Sunday, the Nord – Pas-de-Calais (Hazebrouck) might well have a new feather in its hat in the shape of a new entry in the Guinness Book of Records: for the largest cone of chips in living history. And it won’t be a first. Nor last. There’s been an outbreak of records (or attempts), not all of which have found their way into the famous book.
Have you ever tried to prepare as many Welsh Rabbits in one hour? A “Calaisian”, [a bloke from Calais], and chef on a Hovercraft, tried his hand at this in 2011. He managed to dish up one hundred and six of them.
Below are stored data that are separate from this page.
(* Let $\Bbbk$ be a unital ring and $n,r$ positive integers. Let $\Lambda$ be a set-partition of $\{1,\dots,r\}$ and $\Lambda'$ a set-partition of $\{1,\dots,r+1\}$, each with at most $n$ parts. Then (a) $\mathbf V(\Lambda)\cong H_n(\ell(\Lambda))$ as left $\Bbbk W_n$-modules; (b) $\mathbf V'(\Lambda')\cong H_{n-1}(\ell(\Lambda')-1)$ as left $\Bbbk W_{n-1}$-modules.
   Context: $\mathbf V$ is a free $\Bbbk$-module with basis $\mathbf v_1,\dots,\mathbf v_n$; $W_n$ (symmetric group on $\{1,\dots,n\}$) acts on tensor powers by $w(\mathbf v_{j_1}\otimes\cdots\otimes\mathbf v_{j_m})=\mathbf v_{w(j_1)}\otimes\cdots\otimes\mathbf v_{w(j_m)}$, and $W_{n-1}=\{w:w(n)=n\}$ is identified with the symmetric group on $\{1,\dots,n-1\}$. The value-type of $(i_1,\dots,i_m)$ is the set-partition of $\{1,\dots,m\}$ with parts the nonempty sets $\{\alpha:i_\alpha=j\}$; $\ell$ denotes number of parts. $\mathbf V(\Lambda)\subseteq\mathbf V^{\otimes r}$ is spanned by simple tensors $\mathbf v_{i_1}\otimes\cdots\otimes\mathbf v_{i_r}$ of value-type $\Lambda$; $\mathbf V'(\Lambda')$ is spanned by $\mathbf v_{i_1}\otimes\cdots\otimes\mathbf v_{i_r}\otimes\mathbf v_n$ with $(i_1,\dots,i_r,n)$ of value-type $\Lambda'$. For $1\le l\le m$, $H_m(l)$ is the $\Bbbk W_m$-submodule of $\mathbf V_m^{\otimes l}$ (where $\mathbf V_m$ is free with basis $\mathbf v_1,\dots,\mathbf v_m$) generated by $\mathbf v_{m-l+1}\otimes\cdots\otimes\mathbf v_m$; $H_m(0)=\mathbf V_m^{\otimes 0}=\Bbbk$ with trivial action. *)

theory Defs
  imports Main "HOL-Library.Disjoint_Sets" "HOL-Combinatorics.Permutations"
begin

text \<open>Elements of the tensor power V^{\<otimes>m} (V free on v_1..v_n) are represented by their
  coefficient functions on index words: a function f :: nat list \<Rightarrow> 'k which vanishes
  outside words of length m with letters in {1..n}.\<close>

definition tens :: "nat \<Rightarrow> nat \<Rightarrow> (nat list \<Rightarrow> 'k::ring_1) set" where
  "tens n m = {f. \<forall>xs. f xs \<noteq> 0 \<longrightarrow> length xs = m \<and> set xs \<subseteq> {1..n}}"

definition madd :: "(nat list \<Rightarrow> 'k::ring_1) \<Rightarrow> (nat list \<Rightarrow> 'k) \<Rightarrow> nat list \<Rightarrow> 'k" where
  "madd f g = (\<lambda>xs. f xs + g xs)"

definition msmult :: "'k::ring_1 \<Rightarrow> (nat list \<Rightarrow> 'k) \<Rightarrow> nat list \<Rightarrow> 'k" where
  "msmult c f = (\<lambda>xs. c * f xs)"

definition mzero :: "nat list \<Rightarrow> 'k::ring_1" where
  "mzero = (\<lambda>xs. 0)"

text \<open>Action of a permutation w: w(v_{j_1}\<otimes>...\<otimes>v_{j_m}) = v_{w j_1}\<otimes>...\<otimes>v_{w j_m}.\<close>
definition pact :: "(nat \<Rightarrow> nat) \<Rightarrow> (nat list \<Rightarrow> 'k::ring_1) \<Rightarrow> nat list \<Rightarrow> 'k" where
  "pact w f = (\<lambda>xs. f (map (inv w) xs))"

definition simple_tensor :: "nat list \<Rightarrow> nat list \<Rightarrow> 'k::ring_1" where
  "simple_tensor ys = (\<lambda>xs. if xs = ys then 1 else 0)"

definition Wgrp :: "nat \<Rightarrow> (nat \<Rightarrow> nat) set" where
  "Wgrp n = {w. w permutes {1..n}}"

definition valtype :: "nat list \<Rightarrow> nat set set" where
  "valtype xs = {{a \<in> {1..length xs}. xs ! (a - 1) = j} | j. j \<in> set xs}"

definition Vsub :: "nat \<Rightarrow> nat \<Rightarrow> nat set set \<Rightarrow> (nat list \<Rightarrow> 'k::ring_1) set" where
  "Vsub n r \<Lambda> = {f. \<forall>xs. f xs \<noteq> 0 \<longrightarrow>
      length xs = r \<and> set xs \<subseteq> {1..n} \<and> valtype xs = \<Lambda>}"

definition Vsub' :: "nat \<Rightarrow> nat \<Rightarrow> nat set set \<Rightarrow> (nat list \<Rightarrow> 'k::ring_1) set" where
  "Vsub' n r \<Lambda>' = {f. \<forall>xs. f xs \<noteq> 0 \<longrightarrow>
      length xs = Suc r \<and> set xs \<subseteq> {1..n} \<and> last xs = n \<and> valtype xs = \<Lambda>'}"

text \<open>H_m(l): the kW_m-submodule of V_m^{\<otimes>l} generated by v_{m-l+1}\<otimes>...\<otimes>v_m
  (for l = 0 the generator is the empty tensor 1 \<in> k = V_m^{\<otimes>0}, giving H_m(0) = k
  with trivial action).\<close>
inductive_set Hmod :: "nat \<Rightarrow> nat \<Rightarrow> (nat list \<Rightarrow> 'k::ring_1) set" for m l where
  gen: "simple_tensor [Suc (m - l)..<Suc m] \<in> Hmod m l"
| zero: "mzero \<in> Hmod m l"
| add: "f \<in> Hmod m l \<Longrightarrow> g \<in> Hmod m l \<Longrightarrow> madd f g \<in> Hmod m l"
| smult: "f \<in> Hmod m l \<Longrightarrow> msmult c f \<in> Hmod m l"
| act: "f \<in> Hmod m l \<Longrightarrow> w \<in> Wgrp m \<Longrightarrow> pact w f \<in> Hmod m l"

definition kW_iso :: "(nat \<Rightarrow> nat) set \<Rightarrow> (nat list \<Rightarrow> 'k::ring_1) set \<Rightarrow> (nat list \<Rightarrow> 'k) set \<Rightarrow> bool" where
  "kW_iso W A B \<longleftrightarrow> (\<exists>\<phi>. bij_betw \<phi> A B
      \<and> (\<forall>f\<in>A. \<forall>g\<in>A. \<phi> (madd f g) = madd (\<phi> f) (\<phi> g))
      \<and> (\<forall>c. \<forall>f\<in>A. \<phi> (msmult c f) = msmult c (\<phi> f))
      \<and> (\<forall>w\<in>W. \<forall>f\<in>A. \<phi> (pact w f) = pact w (\<phi> f)))"

end

theory Submission
  imports Defs
begin

text \<open>Both modules are spaces of coefficient functions supported on a \<open>W\<close>-stable set of words,
  so a \<open>W\<close>-equivariant bijection between the two sets of words induces the isomorphism.
  \<open>H\<^sub>m(l)\<close> is spanned by the simple tensors of all injective words of length \<open>l\<close> in \<open>{1..m}\<close>,
  because \<open>W\<^sub>m\<close> acts transitively on these words. A word of value-type \<open>\<Lambda>\<close> is determined by the
  injective word listing its letters block by block, which gives (a). For (b) the block containing
  \<open>r + 1\<close> is listed last; its letter is then \<open>n\<close>, which \<open>W\<^sub>n\<^sub>-\<^sub>1\<close> fixes, so it can be dropped.\<close>

definition supported_on :: "nat list set \<Rightarrow> (nat list \<Rightarrow> 'k::ring_1) set" where
  "supported_on S = {f. \<forall>xs. f xs \<noteq> 0 \<longrightarrow> xs \<in> S}"

lemma mzero_in_supported_on: "mzero \<in> supported_on S"
  by (simp add: supported_on_def mzero_def)

lemma madd_in_supported_on:
  "f \<in> supported_on S \<Longrightarrow> g \<in> supported_on S \<Longrightarrow> madd f g \<in> supported_on S"
  by (simp add: supported_on_def madd_def) (metis add.right_neutral)

lemma msmult_in_supported_on: "f \<in> supported_on S \<Longrightarrow> msmult c f \<in> supported_on S"
  by (simp add: supported_on_def msmult_def) (metis mult_zero_right)

lemma kW_iso_supported_onI:
  assumes bij: "bij_betw \<gamma> T S"
    and closed: "\<And>w ys. w \<in> W \<Longrightarrow> map (inv w) ys \<in> T \<longleftrightarrow> ys \<in> T"
    and equivariant: "\<And>w ys. w \<in> W \<Longrightarrow> ys \<in> T \<Longrightarrow> \<gamma> (map (inv w) ys) = map (inv w) (\<gamma> ys)"
  shows "kW_iso W (supported_on S :: (nat list \<Rightarrow> 'k::ring_1) set) (supported_on T)"
proof -
  define \<phi> :: "(nat list \<Rightarrow> 'k) \<Rightarrow> nat list \<Rightarrow> 'k" where
    "\<phi> f = (\<lambda>ys. if ys \<in> T then f (\<gamma> ys) else 0)" for f
  define \<psi> :: "(nat list \<Rightarrow> 'k) \<Rightarrow> nat list \<Rightarrow> 'k" where
    "\<psi> g = (\<lambda>xs. if xs \<in> S then g (inv_into T \<gamma> xs) else 0)" for g
  have inj: "inj_on \<gamma> T" and img: "\<gamma> ` T = S"
    using bij by (auto simp: bij_betw_def)
  have "bij_betw \<phi> (supported_on S) (supported_on T)"
  proof (rule bij_betw_byWitness[where f' = \<psi>])
    show "\<forall>f\<in>supported_on S. \<psi> (\<phi> f) = f"
      using img inj by (auto simp: \<phi>_def \<psi>_def supported_on_def fun_eq_iff f_inv_into_f inv_into_into)
    show "\<forall>g\<in>supported_on T. \<phi> (\<psi> g) = g"
      using img inj by (auto simp: \<phi>_def \<psi>_def supported_on_def fun_eq_iff)
    show "\<phi> ` supported_on S \<subseteq> supported_on T" "\<psi> ` supported_on T \<subseteq> supported_on S"
      by (auto simp: \<phi>_def \<psi>_def supported_on_def split: if_splits)
  qed
  moreover have "\<phi> (madd f g) = madd (\<phi> f) (\<phi> g)" "\<phi> (msmult c f) = msmult c (\<phi> f)" for f g c
    by (auto simp: \<phi>_def madd_def msmult_def)
  moreover have "\<phi> (pact w f) = pact w (\<phi> f)" if "w \<in> W" for w f
    using that by (auto simp: \<phi>_def pact_def closed equivariant)
  ultimately show ?thesis
    unfolding kW_iso_def by blast
qed

lemma supported_on_subset:
  fixes M :: "(nat list \<Rightarrow> 'k::ring_1) set"
  assumes "finite S"
    and "mzero \<in> M"
    and "\<And>f g. f \<in> M \<Longrightarrow> g \<in> M \<Longrightarrow> madd f g \<in> M"
    and "\<And>c f. f \<in> M \<Longrightarrow> msmult c f \<in> M"
    and "\<And>xs. xs \<in> S \<Longrightarrow> simple_tensor xs \<in> M"
  shows "supported_on S \<subseteq> M"
  using assms(1) subset_refl
proof (induction S rule: finite_subset_induct)
  case empty
  have "f = mzero" if "f \<in> supported_on {}" for f :: "nat list \<Rightarrow> 'k"
    using that by (auto simp: supported_on_def mzero_def)
  then show ?case
    using assms(2) by blast
next
  case (insert xs F)
  show ?case
  proof
    fix f :: "nat list \<Rightarrow> 'k" assume f: "f \<in> supported_on (insert xs F)"
    have "f = madd (msmult (f xs) (simple_tensor xs)) (f(xs := 0))"
      by (auto simp: madd_def msmult_def simple_tensor_def)
    moreover have "f(xs := 0) \<in> supported_on F"
      using f by (auto simp: supported_on_def)
    ultimately show "f \<in> M"
      using insert assms(3-5) by (metis subsetD)
  qed
qed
He only needed a hundred to get his name into the famous book…which never says if they were edible or not.
If “Hazebrouckois” [men and women from Hazebrouck] want to smash the record for the largest cone of chips ever, it’s because chips inspire the most daring Northerners in general. Remember back in 2009: the locals fried the longest chip the world had ever laid its eyes on (in French). A 34 centimetres long (13.4″) chip. Not the sort of chip that fits into yer average deep fryer.
David Synave, a karate expert from Coutiches, is as supple as they come. And just as accurate. His attempt to break a world record? It was for kicking plastic goblets off the top of his trustful friend’s head! (video)-. And he succeeded as he managed to take out 89 innocent goblets in a minute to enter the Guinness Book of Records, thereby sending an Italian home with his tail between his legs who had only managed to knock off 59 goblets…
A “gainée”, in the local dialect of Boulogne-sur-Mer, means “fish soup”. The local club “Cents Cravates” [The Club of a Hundred Ties] pulled off the biggest exploit by preparing more than 3,700 liters of it (video)… Yum Yum Gimme Some.
Even though Michel Pruvost is a Picard [a bloke from Picardy], he is well-known to Northerners in particular for his shows on Weo. The accordionist is also a world record holder. In the Eighties, he jammed for 177 hours and 30 minutes with his accordion, a physical exploit which launched his career…
With more than 60 kilometers of scarf knitted over the whole of France and joined together in one place, Fourmies had achieved the buzz it wanted at home and abroad. A big knees up was planned last year in anticipation of their entry into the Guinness Book of Records. Except that the person in charge at the Guinness Book of Records for this particular entry was sacked in the meantime and the would-be record was scuppered with him. The reason: he spent too much time “bleating on” about wool! (In French)
Enough to turn your stomach. In Vaudricourt, the Rotary-Club wanted to give a little publicity to the local chocolate exhibition. What could be better than a little world record to get people talking about it. The exploit was recognized by the Guinness Book, the Northerners having succeeded in whipping up a 142 kilos mousse…
Record breaking is good publicity for brand names. So, hypermarkets like Auchan in Arras sometimes get into the act. In 2011, the employees of the Mulliez Empire flagship made a sugar tart that was 103.07 meters long (in French). 260 kilos of dough went into it!